*** EXERCISE INPUT Section Begins ***

lemma inner_lift_residual:
  fixes M :: "real^'n^'n" and q :: "nat \<Rightarrow> real^'n"
  assumes "m \<le> N"
  shows "M \<bullet> ((\<Sum>j<m. l j *\<^sub>R outer (q j) (q j)) + (\<Sum>j\<in>{m..<N}. e j *\<^sub>R outer (q j) (q j))
              - (\<Sum>j<N. e j *\<^sub>R outer (q j) (q j)))
       = - (\<Sum>i<m. (q i \<bullet> (M *v q i)) * (e i - l i))"
proof -
  have split: "{..<N} = {..<m} \<union> {m..<N}" using assms by auto
  have "(\<Sum>j<m. l j *\<^sub>R outer (q j) (q j)) + (\<Sum>j\<in>{m..<N}. e j *\<^sub>R outer (q j) (q j))
              - (\<Sum>j<N. e j *\<^sub>R outer (q j) (q j))
      = (\<Sum>j<m. (l j - e j) *\<^sub>R outer (q j) (q j))"
    unfolding split by (subst sum.union_disjoint) (auto simp: scaleR_diff_left sum_subtractf)
  also have "M \<bullet> \<dots> = (\<Sum>i<m. (l i - e i) * (q i \<bullet> (M *v q i)))"
    by (simp add: inner_sum_right inner_outer_self)
  also have "\<dots> = - (\<Sum>i<m. (q i \<bullet> (M *v q i)) * (e i - l i))"
    unfolding sum_negf[symmetric] by (rule sum.cong) (simp_all add: algebra_simps)
  finally show ?thesis .
qed

lemma lift_projection_step:
  fixes q :: "nat \<Rightarrow> real^'n"
  assumes inj: "\<And>w. lincomb A w = 0 \<Longrightarrow> w = 0" and "m \<le> N"
    and spectral: "Amap A0 A xk = (\<Sum>j<N. e j *\<^sub>R outer (q j) (q j))"
    and Z_def: "Z = (\<Sum>j<m. l j *\<^sub>R outer (q j) (q j)) + (\<Sum>j\<in>{m..<N}. e j *\<^sub>R outer (q j) (q j))"
    and proj: "\<And>x. norm (Z - Amap A0 A xnext) \<le> norm (Z - Amap A0 A x)"
  shows "xnext = xk - matrix_inv (Bmat A) *v (\<chi> j. \<Sum>i<m. (q i \<bullet> (A j *v q i)) * (e i - l i))"
proof -
  define g where "g = (\<chi> j. \<Sum>i<m. (q i \<bullet> (A j *v q i)) * (e i - l i))"
  define xs where "xs = xk - matrix_inv (Bmat A) *v g"
  have residual: "A j \<bullet> (Z - Amap A0 A xk) = - g $ j" for j
    unfolding spectral Z_def g_def using inner_lift_residual[OF \<open>m \<le> N\<close>] by simp
  have normal_eq: "A j \<bullet> (Z - Amap A0 A xs) = 0" for j
  proof -
    have "Z - Amap A0 A xs = (Z - Amap A0 A xk) + (Amap A0 A xk - Amap A0 A xs)"
      by simp
    also have "\<dots> = (Z - Amap A0 A xk) + lincomb A (matrix_inv (Bmat A) *v g)"
      by (simp add: Amap_diff xs_def)
    finally show ?thesis
      by (simp only: inner_add_right residual inner_lincomb_Bmat
          Bmat_matrix_inv_cancel[of A, OF inj] add.left_inverse)
  qed
  have "xnext = xs"
  proof (rule least_squares_unique_minimizer[OF linear_lincomb inj])
    show "lincomb A y \<bullet> (Z - (A0 + lincomb A xs)) = 0" for y
      using normal_eq by (simp add: lincomb_def[of A y] inner_sum_left Amap_eq_lincomb)
    show "norm (Z - (A0 + lincomb A xnext)) \<le> norm (Z - (A0 + lincomb A xs))"
      using proj by (simp add: Amap_eq_lincomb)
  qed
  then show ?thesis by (simp add: xs_def g_def)
qed

theorem mainTheorem3:
  fixes A0 :: "real^'n^'n" and A :: "'l::finite \<Rightarrow> real^'n^'n"
    and m :: nat and \<rho> :: "nat \<Rightarrow> nat" and lstar :: "nat \<Rightarrow> real"
  assumes symA0: "transpose A0 = A0"
    and symA: "\<And>i. transpose (A i) = A i"
    and indep: "\<And>c0 c. c0 *\<^sub>R A0 + (\<Sum>i\<in>UNIV. c i *\<^sub>R A i) = 0 \<Longrightarrow> c0 = 0 \<and> (\<forall>i. c i = 0)"
    and mn: "m \<le> CARD('n)"
    and lsorted: "\<And>i j. i \<le> j \<Longrightarrow> j < m \<Longrightarrow> lstar i \<le> lstar j"
    and perm: "\<rho> permutes {..<CARD('n)}"
  shows
    "(\<forall>x u v. gA A0 A x u v = u \<bullet> (Bmat A *v v))
     \<and> (\<forall>x g. GDERIV (Fobj A0 A m \<rho> lstar) x :> g \<longrightarrow>
              riem_grad A0 A (Fobj A0 A m \<rho> lstar) x = matrix_inv (Bmat A) *v g)
     \<and> (\<forall>xk q xnext.
          (\<forall>i<CARD('n). \<forall>j<CARD('n). q i \<bullet> q j = (if i = j then 1 else 0))
          \<and> Amap A0 A xk = (\<Sum>j<CARD('n). eig (Amap A0 A xk) (\<rho> j) *\<^sub>R outer (q j) (q j))
          \<and> GDERIV (Fobj A0 A m \<rho> lstar) xk :>
               (\<chi> j. \<Sum>i<m. (q i \<bullet> (A j *v q i)) * (eig (Amap A0 A xk) (\<rho> i) - lstar i))
          \<and> (let Z = (\<Sum>j<m. lstar j *\<^sub>R outer (q j) (q j))
                   + (\<Sum>j\<in>{m..<CARD('n)}. eig (Amap A0 A xk) (\<rho> j) *\<^sub>R outer (q j) (q j))
             in \<forall>x. frob_norm (Z - Amap A0 A xnext) \<le> frob_norm (Z - Amap A0 A x))
          \<longrightarrow> xnext = xk - riem_grad A0 A (Fobj A0 A m \<rho> lstar) xk)"
proof -
  have inj: "\<And>w. lincomb A w = 0 \<Longrightarrow> w = 0"
    using indep[of 0] by (intro lincomb_eq_0_imp) auto
  show ?thesis
  proof (intro conjI allI impI)
    show "gA A0 A x u v = u \<bullet> (Bmat A *v v)" for x u v
      by (rule gA_eq_Bmat)
    show "riem_grad A0 A F x = matrix_inv (Bmat A) *v g" if "GDERIV F x :> g" for F x g
      using riem_grad_eq[of A, OF inj that] .
  next
    fix xk q xnext
    assume H: "(\<forall>i<CARD('n). \<forall>j<CARD('n). q i \<bullet> q j = (if i = j then 1 else 0))
          \<and> Amap A0 A xk = (\<Sum>j<CARD('n). eig (Amap A0 A xk) (\<rho> j) *\<^sub>R outer (q j) (q j))
          \<and> GDERIV (Fobj A0 A m \<rho> lstar) xk :>
               (\<chi> j. \<Sum>i<m. (q i \<bullet> (A j *v q i)) * (eig (Amap A0 A xk) (\<rho> i) - lstar i))
          \<and> (let Z = (\<Sum>j<m. lstar j *\<^sub>R outer (q j) (q j))
                   + (\<Sum>j\<in>{m..<CARD('n)}. eig (Amap A0 A xk) (\<rho> j) *\<^sub>R outer (q j) (q j))
             in \<forall>x. frob_norm (Z - Amap A0 A xnext) \<le> frob_norm (Z - Amap A0 A x))"
    let ?g = "\<chi> j. \<Sum>i<m. (q i \<bullet> (A j *v q i)) * (eig (Amap A0 A xk) (\<rho> i) - lstar i)"
    from H have "xnext = xk - matrix_inv (Bmat A) *v ?g"
      by (intro lift_projection_step[OF inj mn, where l = lstar])
         (auto simp: Let_def frob_norm_eq_norm)
    moreover have "riem_grad A0 A (Fobj A0 A m \<rho> lstar) xk = matrix_inv (Bmat A) *v ?g"
      using riem_grad_eq[of A, OF inj H[THEN conjunct2, THEN conjunct2, THEN conjunct1]] .
    ultimately show "xnext = xk - riem_grad A0 A (Fobj A0 A m \<rho> lstar) xk"
      by simp
  qed
qed

end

*** EXERCISE INPUT Section Ends ***

Reproduce only the lines above, starting at the line with "- (\<Sum>j<N. e j *\<^sub>R outer (q j) (q j)))" and ending at the line with "(\<Sum>i<m. (l i", exactly as written.

              - (\<Sum>j<N. e j *\<^sub>R outer (q j) (q j)))
       = - (\<Sum>i<m. (q i \<bullet> (M *v q i)) * (e i - l i))"
proof -
  have split: "{..<N} = {..<m} \<union> {m..<N}" using assms by auto
  have "(\<Sum>j<m. l j *\<^sub>R outer (q j) (q j)) + (\<Sum>j\<in>{m..<N}. e j *\<^sub>R outer (q j) (q j))
              - (\<Sum>j<N. e j *\<^sub>R outer (q j) (q j))
      = (\<Sum>j<m. (l j - e j) *\<^sub>R outer (q j) (q j))"
    unfolding split by (subst sum.union_disjoint) (auto simp: scaleR_diff_left sum_subtractf)
  also have "M \<bullet> \<dots> = (\<Sum>i<m. (l i - e i) * (q i \<bullet> (M *v q i)))"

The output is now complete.